[MATERIAL FOR THIS EXERCISE Boundary: Start]

lemma gam_gt_1: "gam > 1" and A_gt_1: "A > 1" and alpha_pos: "alpha > 0"
  and Pkv_bounds: "v < n \<Longrightarrow> k \<in> {1..Kmax gam n} \<Longrightarrow>
      alpha * gam ^ k \<le> real (Pkv gam n d k v) \<and> real (Pkv gam n d k v) \<le> A * gam ^ k"
  and d_self: "v < n \<Longrightarrow> d v v = 0"
  and d_pos: "u < n \<Longrightarrow> v < n \<Longrightarrow> u \<noteq> v \<Longrightarrow> d u v > 0"
  and scale_range: "u < n \<Longrightarrow> v < n \<Longrightarrow> u \<noteq> v \<Longrightarrow>
      1 \<le> scale gam (d u v) \<and> scale gam (d u v) \<le> int (Kmax gam n)"
  and cost_pos: "k \<in> {1..Kmax gam n} \<Longrightarrow> c k > 0"
  using ccg unfolding coherent_cost_geometry_def coherent_def semimetric_def
  by (metis order.not_eq_order_implies_strict)+

lemma ln_n_ge_1: "ln (real n) \<ge> 1"
proof -
  have "exp 1 \<le> real n" using exp_le n_ge_3 by linarith
  then show ?thesis using n_ge_3 by (simp add: ln_ge_iff)
qed

lemma Kmax_ge_1: "Kmax gam n \<ge> 1"
proof -
  have "log gam (real n) > 0" using gam_gt_1 n_ge_3 by simp
  then show ?thesis unfolding Kmax_def by linarith
qed

lemma sum_scale_eq:
  assumes "v < n"
  shows "(\<Sum>u\<in>{..<n}-{v}. F (nat (scale gam (d v u))))
       = (\<Sum>k=1..Kmax gam n. real (Pkv gam n d k v) * F k)"
proof -
  define S where "S = {..<n} - {v}"
  define s where "s = (\<lambda>u. nat (scale gam (d v u)))"
  have "s ` S \<subseteq> {1..Kmax gam n}"
    using scale_range[OF \<open>v < n\<close>] by (fastforce simp: S_def s_def)
  then have "(\<Sum>u\<in>S. F (s u)) = (\<Sum>k=1..Kmax gam n. \<Sum>u\<in>{u\<in>S. s u = k}. F (s u))"
    by (intro sum.group[symmetric]) (auto simp: S_def)
  also have "\<dots> = (\<Sum>k=1..Kmax gam n. real (Pkv gam n d k v) * F k)"
  proof (rule sum.cong[OF refl])
    fix k assume k: "k \<in> {1..Kmax gam n}"
    have "{u\<in>S. s u = k} = {u. u < n \<and> gam ^ (k - 1) < d v u \<and> d v u \<le> gam ^ k}"
    proof (intro set_eqI iffI)
      fix u assume "u \<in> {u\<in>S. s u = k}"
      moreover from this have "scale gam (d v u) = int k"
        using scale_range[OF \<open>v < n\<close>, of u] by (auto simp: S_def s_def)
      ultimately show "u \<in> {u. u < n \<and> gam ^ (k - 1) < d v u \<and> d v u \<le> gam ^ k}"
        using scale_eq_iff[OF gam_gt_1 d_pos[OF \<open>v < n\<close>]] k by (auto simp: S_def)
    next
      fix u assume u: "u \<in> {u. u < n \<and> gam ^ (k - 1) < d v u \<and> d v u \<le> gam ^ k}"
      then have "v \<noteq> u" using d_self[OF \<open>v < n\<close>] gam_gt_1 by auto
      then have "scale gam (d v u) = int k"
        using scale_eq_iff[OF gam_gt_1 d_pos[OF \<open>v < n\<close> _ \<open>v \<noteq> u\<close>]] u k by auto
      with u \<open>v \<noteq> u\<close> show "u \<in> {u\<in>S. s u = k}" by (auto simp: S_def s_def)
    qed
    moreover have "(\<Sum>u\<in>{u\<in>S. s u = k}. F (s u)) = (\<Sum>u\<in>{u\<in>S. s u = k}. F k)"
      by simp
    ultimately show "(\<Sum>u\<in>{u\<in>S. s u = k}. F (s u)) = real (Pkv gam n d k v) * F k"
      by (simp add: Pkv_def)
  qed
  finally show ?thesis by (simp add: S_def s_def)
qed

lemma pk_bounds:
  assumes "k \<in> {1..Kmax gam n}"
  shows "alpha * gam ^ k / 2 \<le> pk gam n d k" and "pk gam n d k \<le> A * gam ^ k / 2"
proof -
  have pk_eq: "pk gam n d k = (\<Sum>v<n. real (Pkv gam n d k v)) / (2 * real n)"
    by (simp add: pk_def Pk_def)
  have "real n * (alpha * gam ^ k) \<le> (\<Sum>v<n. real (Pkv gam n d k v))"
    using sum_bounded_below[of "{..<n}" "alpha * gam ^ k"] Pkv_bounds[OF _ assms] by auto
  then show "alpha * gam ^ k / 2 \<le> pk gam n d k"
    unfolding pk_eq using n_ge_3 by (simp add: field_simps)
  have "(\<Sum>v<n. real (Pkv gam n d k v)) \<le> real n * (A * gam ^ k)"
    using sum_bounded_above[of "{..<n}" _ "A * gam ^ k"] Pkv_bounds[OF _ assms] by auto
  then show "pk gam n d k \<le> A * gam ^ k / 2"
    unfolding pk_eq using n_ge_3 by (simp add: field_simps)
qed

lemma pk_pos: "k \<in> {1..Kmax gam n} \<Longrightarrow> pk gam n d k > 0"
  using pk_bounds(1)[of k] gam_gt_1 alpha_pos
  by (smt (verit, best) divide_pos_pos mult_pos_pos zero_less_power)

lemma sum_Qstar_pairs_le_scale_sum:
  "(\<Sum>e\<in>pairs n. Qstar gam n d c B e)
     \<le> 2 * real n * (\<Sum>k=1..Kmax gam n. pk gam n d k * (1 / (1 + exp (lam_of gam n d c B * c k))))"
proof -
  define q where "q = (\<lambda>k. 1 / (1 + exp (lam_of gam n d c B * c k)))"
  have Q_eq: "Qstar gam n d c B = (\<lambda>(i, j). q (nat (scale gam (d i j))))"
    by (simp add: Qstar_def q_def fun_eq_iff)
  define S where "S = Sigma {..<n} (\<lambda>i. {..<n} - {i})"
  have "(\<Sum>e\<in>pairs n. Qstar gam n d c B e) \<le> (\<Sum>e\<in>S. Qstar gam n d c B e)"
    by (rule sum_mono2) (auto simp: S_def pairs_def Qstar_bounds)
  also have "\<dots> = (\<Sum>i<n. \<Sum>j\<in>{..<n}-{i}. q (nat (scale gam (d i j))))"
    unfolding S_def Q_eq by (simp add: sum.Sigma)
  also have "\<dots> = (\<Sum>i<n. \<Sum>k=1..Kmax gam n. real (Pkv gam n d k i) * q k)"
    by (intro sum.cong refl sum_scale_eq) simp
  also have "\<dots> = (\<Sum>k=1..Kmax gam n. (\<Sum>i<n. real (Pkv gam n d k i)) * q k)"
    by (subst sum.swap) (simp add: sum_distrib_right)
  also have "\<dots> = (\<Sum>k=1..Kmax gam n. 2 * real n * (pk gam n d k * q k))"
    using n_ge_3 by (intro sum.cong refl) (simp add: pk_def Pk_def)
  also have "\<dots> = 2 * real n * (\<Sum>k=1..Kmax gam n. pk gam n d k * q k)"
    by (simp add: sum_distrib_left)
  finally show ?thesis by (simp add: q_def)
qed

[MATERIAL FOR THIS EXERCISE Boundary: End]

# TASK TO COMPLETE
Transcribe the data in full, matching every line exactly.

# WORKED SOLUTION
lemma gam_gt_1: "gam > 1" and A_gt_1: "A > 1" and alpha_pos: "alpha > 0"
  and Pkv_bounds: "v < n \<Longrightarrow> k \<in> {1..Kmax gam n} \<Longrightarrow>
      alpha * gam ^ k \<le> real (Pkv gam n d k v) \<and> real (Pkv gam n d k v) \<le> A * gam ^ k"
  and d_self: "v < n \<Longrightarrow> d v v = 0"
  and d_pos: "u < n \<Longrightarrow> v < n \<Longrightarrow> u \<noteq> v \<Longrightarrow> d u v > 0"
  and scale_range: "u < n \<Longrightarrow> v < n \<Longrightarrow> u \<noteq> v \<Longrightarrow>
      1 \<le> scale gam (d u v) \<and> scale gam (d u v) \<le> int (Kmax gam n)"
  and cost_pos: "k \<in> {1..Kmax gam n} \<Longrightarrow> c k > 0"
  using ccg unfolding coherent_cost_geometry_def coherent_def semimetric_def
  by (metis order.not_eq_order_implies_strict)+

lemma ln_n_ge_1: "ln (real n) \<ge> 1"
proof -
  have "exp 1 \<le> real n" using exp_le n_ge_3 by linarith
  then show ?thesis using n_ge_3 by (simp add: ln_ge_iff)
qed

lemma Kmax_ge_1: "Kmax gam n \<ge> 1"
proof -
  have "log gam (real n) > 0" using gam_gt_1 n_ge_3 by simp
  then show ?thesis unfolding Kmax_def by linarith
qed

lemma sum_scale_eq:
  assumes "v < n"
  shows "(\<Sum>u\<in>{..<n}-{v}. F (nat (scale gam (d v u))))
       = (\<Sum>k=1..Kmax gam n. real (Pkv gam n d k v) * F k)"
proof -
  define S where "S = {..<n} - {v}"
  define s where "s = (\<lambda>u. nat (scale gam (d v u)))"
  have "s ` S \<subseteq> {1..Kmax gam n}"
    using scale_range[OF \<open>v < n\<close>] by (fastforce simp: S_def s_def)
  then have "(\<Sum>u\<in>S. F (s u)) = (\<Sum>k=1..Kmax gam n. \<Sum>u\<in>{u\<in>S. s u = k}. F (s u))"
    by (intro sum.group[symmetric]) (auto simp: S_def)
  also have "\<dots> = (\<Sum>k=1..Kmax gam n. real (Pkv gam n d k v) * F k)"
  proof (rule sum.cong[OF refl])
    fix k assume k: "k \<in> {1..Kmax gam n}"
    have "{u\<in>S. s u = k} = {u. u < n \<and> gam ^ (k - 1) < d v u \<and> d v u \<le> gam ^ k}"
    proof (intro set_eqI iffI)
      fix u assume "u \<in> {u\<in>S. s u = k}"
      moreover from this have "scale gam (d v u) = int k"
        using scale_range[OF \<open>v < n\<close>, of u] by (auto simp: S_def s_def)
      ultimately show "u \<in> {u. u < n \<and> gam ^ (k - 1) < d v u \<and> d v u \<le> gam ^ k}"
        using scale_eq_iff[OF gam_gt_1 d_pos[OF \<open>v < n\<close>]] k by (auto simp: S_def)
    next
      fix u assume u: "u \<in> {u. u < n \<and> gam ^ (k - 1) < d v u \<and> d v u \<le> gam ^ k}"
      then have "v \<noteq> u" using d_self[OF \<open>v < n\<close>] gam_gt_1 by auto
      then have "scale gam (d v u) = int k"
        using scale_eq_iff[OF gam_gt_1 d_pos[OF \<open>v < n\<close> _ \<open>v \<noteq> u\<close>]] u k by auto
      with u \<open>v \<noteq> u\<close> show "u \<in> {u\<in>S. s u = k}" by (auto simp: S_def s_def)
    qed
    moreover have "(\<Sum>u\<in>{u\<in>S. s u = k}. F (s u)) = (\<Sum>u\<in>{u\<in>S. s u = k}. F k)"
      by simp
    ultimately show "(\<Sum>u\<in>{u\<in>S. s u = k}. F (s u)) = real (Pkv gam n d k v) * F k"
      by (simp add: Pkv_def)
  qed
  finally show ?thesis by (simp add: S_def s_def)
qed

lemma pk_bounds:
  assumes "k \<in> {1..Kmax gam n}"
  shows "alpha * gam ^ k / 2 \<le> pk gam n d k" and "pk gam n d k \<le> A * gam ^ k / 2"
proof -
  have pk_eq: "pk gam n d k = (\<Sum>v<n. real (Pkv gam n d k v)) / (2 * real n)"
    by (simp add: pk_def Pk_def)
  have "real n * (alpha * gam ^ k) \<le> (\<Sum>v<n. real (Pkv gam n d k v))"
    using sum_bounded_below[of "{..<n}" "alpha * gam ^ k"] Pkv_bounds[OF _ assms] by auto
  then show "alpha * gam ^ k / 2 \<le> pk gam n d k"
    unfolding pk_eq using n_ge_3 by (simp add: field_simps)
  have "(\<Sum>v<n. real (Pkv gam n d k v)) \<le> real n * (A * gam ^ k)"
    using sum_bounded_above[of "{..<n}" _ "A * gam ^ k"] Pkv_bounds[OF _ assms] by auto
  then show "pk gam n d k \<le> A * gam ^ k / 2"
    unfolding pk_eq using n_ge_3 by (simp add: field_simps)
qed

lemma pk_pos: "k \<in> {1..Kmax gam n} \<Longrightarrow> pk gam n d k > 0"
  using pk_bounds(1)[of k] gam_gt_1 alpha_pos
  by (smt (verit, best) divide_pos_pos mult_pos_pos zero_less_power)

lemma sum_Qstar_pairs_le_scale_sum:
  "(\<Sum>e\<in>pairs n. Qstar gam n d c B e)
     \<le> 2 * real n * (\<Sum>k=1..Kmax gam n. pk gam n d k * (1 / (1 + exp (lam_of gam n d c B * c k))))"
proof -
  define q where "q = (\<lambda>k. 1 / (1 + exp (lam_of gam n d c B * c k)))"
  have Q_eq: "Qstar gam n d c B = (\<lambda>(i, j). q (nat (scale gam (d i j))))"
    by (simp add: Qstar_def q_def fun_eq_iff)
  define S where "S = Sigma {..<n} (\<lambda>i. {..<n} - {i})"
  have "(\<Sum>e\<in>pairs n. Qstar gam n d c B e) \<le> (\<Sum>e\<in>S. Qstar gam n d c B e)"
    by (rule sum_mono2) (auto simp: S_def pairs_def Qstar_bounds)
  also have "\<dots> = (\<Sum>i<n. \<Sum>j\<in>{..<n}-{i}. q (nat (scale gam (d i j))))"
    unfolding S_def Q_eq by (simp add: sum.Sigma)
  also have "\<dots> = (\<Sum>i<n. \<Sum>k=1..Kmax gam n. real (Pkv gam n d k i) * q k)"
    by (intro sum.cong refl sum_scale_eq) simp
  also have "\<dots> = (\<Sum>k=1..Kmax gam n. (\<Sum>i<n. real (Pkv gam n d k i)) * q k)"
    by (subst sum.swap) (simp add: sum_distrib_right)
  also have "\<dots> = (\<Sum>k=1..Kmax gam n. 2 * real n * (pk gam n d k * q k))"
    using n_ge_3 by (intro sum.cong refl) (simp add: pk_def Pk_def)
  also have "\<dots> = 2 * real n * (\<Sum>k=1..Kmax gam n. pk gam n d k * q k)"
    by (simp add: sum_distrib_left)
  finally show ?thesis by (simp add: q_def)
qed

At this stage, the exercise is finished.